Где‑то впереди неслась песня. Кто‑то разухабисто присвистывал.
Леонтий с трудом приподнял голову, глянул по сторонам.
Сырой ветер с запада косматил гривы лошадей, назойливо лез в лицо.
В стороне от дороги поднялся заяц. Понюхал воздух, раскосыми глазами взглянул на человеческую ленту и большими скачками понёсся в открытую степь.
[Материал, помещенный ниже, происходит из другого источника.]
definition k_algebra :: "('k::field \<Rightarrow> 'a::ring \<Rightarrow> 'a) \<Rightarrow> bool" where
  "k_algebra sA \<longleftrightarrow> k_module sA \<and>
     (\<forall>c x y. sA c (x * y) = sA c x * y) \<and>
     (\<forall>c x y. sA c (x * y) = x * sA c y)"

definition k_bimodule ::
  "('k::field \<Rightarrow> 'a::ring \<Rightarrow> 'a) \<Rightarrow> ('k \<Rightarrow> 'm::ab_group_add \<Rightarrow> 'm)
   \<Rightarrow> ('a \<Rightarrow> 'm \<Rightarrow> 'm) \<Rightarrow> ('m \<Rightarrow> 'a \<Rightarrow> 'm) \<Rightarrow> bool" where
  "k_bimodule sA sM l r \<longleftrightarrow> k_module sM \<and>
     (\<forall>a b u. l (a + b) u = l a u + l b u) \<and>
     (\<forall>a u v. l a (u + v) = l a u + l a v) \<and>
     (\<forall>c a u. l (sA c a) u = sM c (l a u)) \<and>
     (\<forall>c a u. l a (sM c u) = sM c (l a u)) \<and>
     (\<forall>u a b. r u (a + b) = r u a + r u b) \<and>
     (\<forall>u v a. r (u + v) a = r u a + r v a) \<and>
     (\<forall>c u a. r u (sA c a) = sM c (r u a)) \<and>
     (\<forall>c u a. r (sM c u) a = sM c (r u a)) \<and>
     (\<forall>a b u. l (a * b) u = l a (l b u)) \<and>
     (\<forall>u a b. r u (a * b) = r (r u a) b) \<and>
     (\<forall>a u b. r (l a u) b = l a (r u b))"

definition k_linear :: "('k \<Rightarrow> 'v \<Rightarrow> 'v) \<Rightarrow> ('k \<Rightarrow> 'w \<Rightarrow> 'w)
    \<Rightarrow> ('v::ab_group_add \<Rightarrow> 'w::ab_group_add) \<Rightarrow> bool" where
  "k_linear s1 s2 f \<longleftrightarrow> (\<forall>x y. f (x + y) = f x + f y) \<and> (\<forall>c x. f (s1 c x) = s2 c (f x))"

definition k_bilinear :: "('k \<Rightarrow> 'a \<Rightarrow> 'a) \<Rightarrow> ('k \<Rightarrow> 'm \<Rightarrow> 'm)
    \<Rightarrow> ('a::ab_group_add \<Rightarrow> 'a \<Rightarrow> 'm::ab_group_add) \<Rightarrow> bool" where
  "k_bilinear sA sM H \<longleftrightarrow> (\<forall>a. k_linear sA sM (H a)) \<and> (\<forall>b. k_linear sA sM (\<lambda>a. H a b))"

definition hochschild_2cocycle ::
  "('k \<Rightarrow> 'a::ring \<Rightarrow> 'a) \<Rightarrow> ('k \<Rightarrow> 'm::ab_group_add \<Rightarrow> 'm)
   \<Rightarrow> ('a \<Rightarrow> 'm \<Rightarrow> 'm) \<Rightarrow> ('m \<Rightarrow> 'a \<Rightarrow> 'm) \<Rightarrow> ('a \<Rightarrow> 'a \<Rightarrow> 'm) \<Rightarrow> bool" where
  "hochschild_2cocycle sA sM l r H \<longleftrightarrow> k_bilinear sA sM H \<and>
     (\<forall>a b c. l a (H b c) - H (a * b) c + H a (b * c) - r (H a b) c = 0)"

definition twisted_O_family ::
  "('k \<Rightarrow> 'a::ring \<Rightarrow> 'a) \<Rightarrow> ('k \<Rightarrow> 'm::ab_group_add \<Rightarrow> 'm)
   \<Rightarrow> ('a \<Rightarrow> 'm \<Rightarrow> 'm) \<Rightarrow> ('m \<Rightarrow> 'a \<Rightarrow> 'm) \<Rightarrow> ('a \<Rightarrow> 'a \<Rightarrow> 'm)
   \<Rightarrow> ('w::monoid_mult \<Rightarrow> 'm \<Rightarrow> 'a) \<Rightarrow> bool" where
  "twisted_O_family sA sM l r H T \<longleftrightarrow> (\<forall>\<alpha>. k_linear sM sA (T \<alpha>)) \<and>
     (\<forall>\<alpha> \<beta> u v. T \<alpha> u * T \<beta> v = T (\<alpha> * \<beta>) (l (T \<alpha> u) v + r u (T \<beta> v) + H (T \<alpha> u) (T \<beta> v)))"

text \<open>Formal deformations: Td i is the coefficient T^(i) of t^i.  The defining identity of the
  k[[t]]-linear extension is written coefficientwise: the t^m coefficient of the element
  T^t_alpha(u).v + u.T^t_beta(v) + H(T^t_alpha u, T^t_beta v) of M[[t]] is def_arg, and the
  coefficient of t^n of both sides (Cauchy products) must agree.\<close>
definition def_arg ::
  "('a::ring \<Rightarrow> 'm::ab_group_add \<Rightarrow> 'm) \<Rightarrow> ('m \<Rightarrow> 'a \<Rightarrow> 'm) \<Rightarrow> ('a \<Rightarrow> 'a \<Rightarrow> 'm)
   \<Rightarrow> (nat \<Rightarrow> 'w \<Rightarrow> 'm \<Rightarrow> 'a) \<Rightarrow> 'w \<Rightarrow> 'w \<Rightarrow> 'm \<Rightarrow> 'm \<Rightarrow> nat \<Rightarrow> 'm" where
  "def_arg l r H Td \<alpha> \<beta> u v m =
     l (Td m \<alpha> u) v + r u (Td m \<beta> v) + (\<Sum>j\<le>m. H (Td j \<alpha> u) (Td (m - j) \<beta> v))"

definition formal_deformation ::
  "('k \<Rightarrow> 'a::ring \<Rightarrow> 'a) \<Rightarrow> ('k \<Rightarrow> 'm::ab_group_add \<Rightarrow> 'm)
   \<Rightarrow> ('a \<Rightarrow> 'm \<Rightarrow> 'm) \<Rightarrow> ('m \<Rightarrow> 'a \<Rightarrow> 'm) \<Rightarrow> ('a \<Rightarrow> 'a \<Rightarrow> 'm)
   \<Rightarrow> ('w::monoid_mult \<Rightarrow> 'm \<Rightarrow> 'a) \<Rightarrow> (nat \<Rightarrow> 'w \<Rightarrow> 'm \<Rightarrow> 'a) \<Rightarrow> bool" where
  "formal_deformation sA sM l r H T Td \<longleftrightarrow> Td 0 = T \<and>
     (\<forall>i \<alpha>. k_linear sM sA (Td i \<alpha>)) \<and>
     (\<forall>n \<alpha> \<beta> u v.
        (\<Sum>i\<le>n. Td i \<alpha> u * Td (n - i) \<beta> v)
        = (\<Sum>i\<le>n. Td i (\<alpha> * \<beta>) (def_arg l r H Td \<alpha> \<beta> u v (n - i))))"

definition phi_coef :: "'a::ring \<Rightarrow> (nat \<Rightarrow> 'a \<Rightarrow> 'a) \<Rightarrow> nat \<Rightarrow> 'a \<Rightarrow> 'a" where
  "phi_coef \<theta> \<phi> i = (if i = 0 then id else if i = 1 then (\<lambda>a. \<theta> * a - a * \<theta>) else \<phi> i)"

definition psi_coef ::
  "('a::ring \<Rightarrow> 'm::ab_group_add \<Rightarrow> 'm) \<Rightarrow> ('m \<Rightarrow> 'a \<Rightarrow> 'm) \<Rightarrow> ('a \<Rightarrow> 'a \<Rightarrow> 'm)
   \<Rightarrow> ('w \<Rightarrow> 'm \<Rightarrow> 'a) \<Rightarrow> 'a \<Rightarrow> (nat \<Rightarrow> 'm \<Rightarrow> 'm) \<Rightarrow> 'w \<Rightarrow> nat \<Rightarrow> 'm \<Rightarrow> 'm" where
  "psi_coef l r H T \<theta> \<psi> \<alpha> i = (if i = 0 then id
      else if i = 1 then (\<lambda>u. l \<theta> u - r u \<theta> + H \<theta> (T \<alpha> u) - H (T \<alpha> u) \<theta>)
      else \<psi> i)"

text \<open>Equivalence of deformations: phi^t o T^t_alpha = Tbar^t_alpha o psi^t_alpha, compared
  coefficientwise (k[[t]]-linear extensions).\<close>
definition equivalent_deformations ::
  "('k \<Rightarrow> 'a::ring \<Rightarrow> 'a) \<Rightarrow> ('k \<Rightarrow> 'm::ab_group_add \<Rightarrow> 'm)
   \<Rightarrow> ('a \<Rightarrow> 'm \<Rightarrow> 'm) \<Rightarrow> ('m \<Rightarrow> 'a \<Rightarrow> 'm) \<Rightarrow> ('a \<Rightarrow> 'a \<Rightarrow> 'm)
   \<Rightarrow> ('w \<Rightarrow> 'm \<Rightarrow> 'a) \<Rightarrow> (nat \<Rightarrow> 'w \<Rightarrow> 'm \<Rightarrow> 'a) \<Rightarrow> (nat \<Rightarrow> 'w \<Rightarrow> 'm \<Rightarrow> 'a) \<Rightarrow> bool" where
  "equivalent_deformations sA sM l r H T Td Tb \<longleftrightarrow>
     (\<exists>\<theta> \<phi> \<psi>. (\<forall>i\<ge>2. k_linear sA sA (\<phi> i)) \<and> (\<forall>i\<ge>2. k_linear sM sM (\<psi> i)) \<and>
        (\<forall>n \<alpha> u. (\<Sum>i\<le>n. phi_coef \<theta> \<phi> i (Td (n - i) \<alpha> u))
                = (\<Sum>i\<le>n. Tb i \<alpha> (psi_coef l r H T \<theta> \<psi> \<alpha> (n - i) u))))"

definition delta0 ::
  "('a::ring \<Rightarrow> 'm::ab_group_add \<Rightarrow> 'm) \<Rightarrow> ('m \<Rightarrow> 'a \<Rightarrow> 'm) \<Rightarrow> ('a \<Rightarrow> 'a \<Rightarrow> 'm)
   \<Rightarrow> ('w \<Rightarrow> 'm \<Rightarrow> 'a) \<Rightarrow> 'a \<Rightarrow> 'w \<Rightarrow> 'm \<Rightarrow> 'a" where
  "delta0 l r H T a \<alpha> u =
     T \<alpha> u * a - T \<alpha> (r u a) - T \<alpha> (H (T \<alpha> u) a)
     - a * T \<alpha> u + T \<alpha> (l a u) + T \<alpha> (H a (T \<alpha> u))"

definition delta1 ::
  "('a::ring \<Rightarrow> 'm::ab_group_add \<Rightarrow> 'm) \<Rightarrow> ('m \<Rightarrow> 'a \<Rightarrow> 'm) \<Rightarrow> ('a \<Rightarrow> 'a \<Rightarrow> 'm)
   \<Rightarrow> ('w::monoid_mult \<Rightarrow> 'm \<Rightarrow> 'a) \<Rightarrow> ('w \<Rightarrow> 'm \<Rightarrow> 'a) \<Rightarrow> 'w \<Rightarrow> 'w \<Rightarrow> 'm \<Rightarrow> 'm \<Rightarrow> 'a" where
  "delta1 l r H T f \<alpha>1 \<alpha>2 u1 u2 =
     T \<alpha>1 u1 * f \<alpha>2 u2 - T (\<alpha>1 * \<alpha>2) (r u1 (f \<alpha>2 u2))
     - T (\<alpha>1 * \<alpha>2) (H (T \<alpha>1 u1) (f \<alpha>2 u2))
     - f (\<alpha>1 * \<alpha>2) (l (T \<alpha>1 u1) u2 + r u1 (T \<alpha>2 u2) + H (T \<alpha>1 u1) (T \<alpha>2 u2))
     + f \<alpha>1 u1 * T \<alpha>2 u2 - T (\<alpha>1 * \<alpha>2) (l (f \<alpha>1 u1) u2)
     - T (\<alpha>1 * \<alpha>2) (H (f \<alpha>1 u1) (T \<alpha>2 u2))"

definition is_1cocycle ::
  "('k \<Rightarrow> 'a::ring \<Rightarrow> 'a) \<Rightarrow> ('k \<Rightarrow> 'm::ab_group_add \<Rightarrow> 'm)
   \<Rightarrow> ('a \<Rightarrow> 'm \<Rightarrow> 'm) \<Rightarrow> ('m \<Rightarrow> 'a \<Rightarrow> 'm) \<Rightarrow> ('a \<Rightarrow> 'a \<Rightarrow> 'm)
   \<Rightarrow> ('w::monoid_mult \<Rightarrow> 'm \<Rightarrow> 'a) \<Rightarrow> ('w \<Rightarrow> 'm \<Rightarrow> 'a) \<Rightarrow> bool" where
  "is_1cocycle sA sM l r H T f \<longleftrightarrow> (\<forall>\<alpha>. k_linear sM sA (f \<alpha>)) \<and>
     (\<forall>\<alpha>1 \<alpha>2 u1 u2. delta1 l r H T f \<alpha>1 \<alpha>2 u1 u2 = 0)"

definition same_H1_class ::
  "('k \<Rightarrow> 'a::ring \<Rightarrow> 'a) \<Rightarrow> ('k \<Rightarrow> 'm::ab_group_add \<Rightarrow> 'm)
   \<Rightarrow> ('a \<Rightarrow> 'm \<Rightarrow> 'm) \<Rightarrow> ('m \<Rightarrow> 'a \<Rightarrow> 'm) \<Rightarrow> ('a \<Rightarrow> 'a \<Rightarrow> 'm)
   \<Rightarrow> ('w::monoid_mult \<Rightarrow> 'm \<Rightarrow> 'a) \<Rightarrow> ('w \<Rightarrow> 'm \<Rightarrow> 'a) \<Rightarrow> ('w \<Rightarrow> 'm \<Rightarrow> 'a) \<Rightarrow> bool" where
  "same_H1_class sA sM l r H T f g \<longleftrightarrow>
     is_1cocycle sA sM l r H T f \<and> is_1cocycle sA sM l r H T g \<and>
     (\<exists>a. \<forall>\<alpha> u. f \<alpha> u - g \<alpha> u = delta0 l r H T a \<alpha> u)"

end

theory Submission
  imports Defs HOL.Modules
begin

text \<open>Both claims are read off the coefficient of t alone.  Since T^(0) = T, the
  t-coefficient of the deformation equation for T^t is exactly \<delta>(T^(1)) = 0, and the
  t-coefficient of \<phi>^t \<circ> T^t_\<alpha> = Tbar^t_\<alpha> \<circ> \<psi>^t_\<alpha> is T^(1) - Tbar^(1) = \<delta>\<theta>.\<close>

lemma k_linear_diff:
  assumes "k_linear s1 s2 f"
  shows "f (x - y) = f x - f y"
  using assms by (intro additive.diff) (simp add: additive_def k_linear_def)

lemma formal_deformation_coeff_1:
  assumes "formal_deformation sA sM l r H T Td"
  shows "T \<alpha> u * Td 1 \<beta> v + Td 1 \<alpha> u * T \<beta> v
    = T (\<alpha> * \<beta>) (l (Td 1 \<alpha> u) v + r u (Td 1 \<beta> v)
        + (H (T \<alpha> u) (Td 1 \<beta> v) + H (Td 1 \<alpha> u) (T \<beta> v)))
      + Td 1 (\<alpha> * \<beta>) (l (T \<alpha> u) v + r u (T \<beta> v) + H (T \<alpha> u) (T \<beta> v))"
proof -
  have "Td 0 = T"
    and "(\<Sum>i\<le>Suc 0. Td i \<alpha> u * Td (Suc 0 - i) \<beta> v)
       = (\<Sum>i\<le>Suc 0. Td i (\<alpha> * \<beta>) (def_arg l r H Td \<alpha> \<beta> u v (Suc 0 - i)))"
    using assms unfolding formal_deformation_def by blast+
  then show ?thesis by (simp add: def_arg_def)
qed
— Ату его! Держи! — гикнули из рядов. Кто‑то свистнул протяжно, оглушительно.
— Ты с какой станицы? — дружелюбно спросил Федор, протягивая больному кусок хлеба с копчёным мясом. — Ешь, а то совсем ослабнешь!
Леонтий нехотя откусил кусок жёсткой, пахнущей дымом козлятины и вдруг почувствовал голод. Уже охотно, торопливо он стал есть сыроватый хлеб и жилистое мясо. Дикун, улыбаясь, дал ему ещё хлеба и луковицу.
— Так откуда будешь? — вновь спросил Федор, когда Леонтий поел и запил свой обед водой.
— А кто его знает, откуда я! — с тоской выговорил Леонтий. — Беглый я, с Волги… А жил в Кореновской, у Кравчины.
— Кравчины? — Дикун нахмурился. — Знаю такого…
— Первейший богач, но бирюк, — продолжал Леонтий, — За него меня и послали на персов. А вот жена у него — душевная баба.
— Анна… — тихо сказал Дикун.
— Знаешь, значит, её? — спросил Малов.
— Знаю. Наша она, васюринская, — нехотя ответил Дикун и замолчал.
С этого разговора и завязалась крепкая дружба между Леонтием и Федором.
Однажды на отдыхе, когда Леонтий уже совсем поправился, присели они с Федором у опушки леса, на старое, сваленное ветром дерево.
Тоскливо скрипели над головой обнажённые ветки, и так же тоскливо было на душе у Леонтия. Он сидел молча, говорить не хотелось. А Федор все порывался спросить о чём‑то. Наконец не выдержал:
— Ты, Леонтий, от барина сбежал, значит?
— А ты чего любопытствуешь?
— Да так, интересно узнать про жизнь вашу крепостную.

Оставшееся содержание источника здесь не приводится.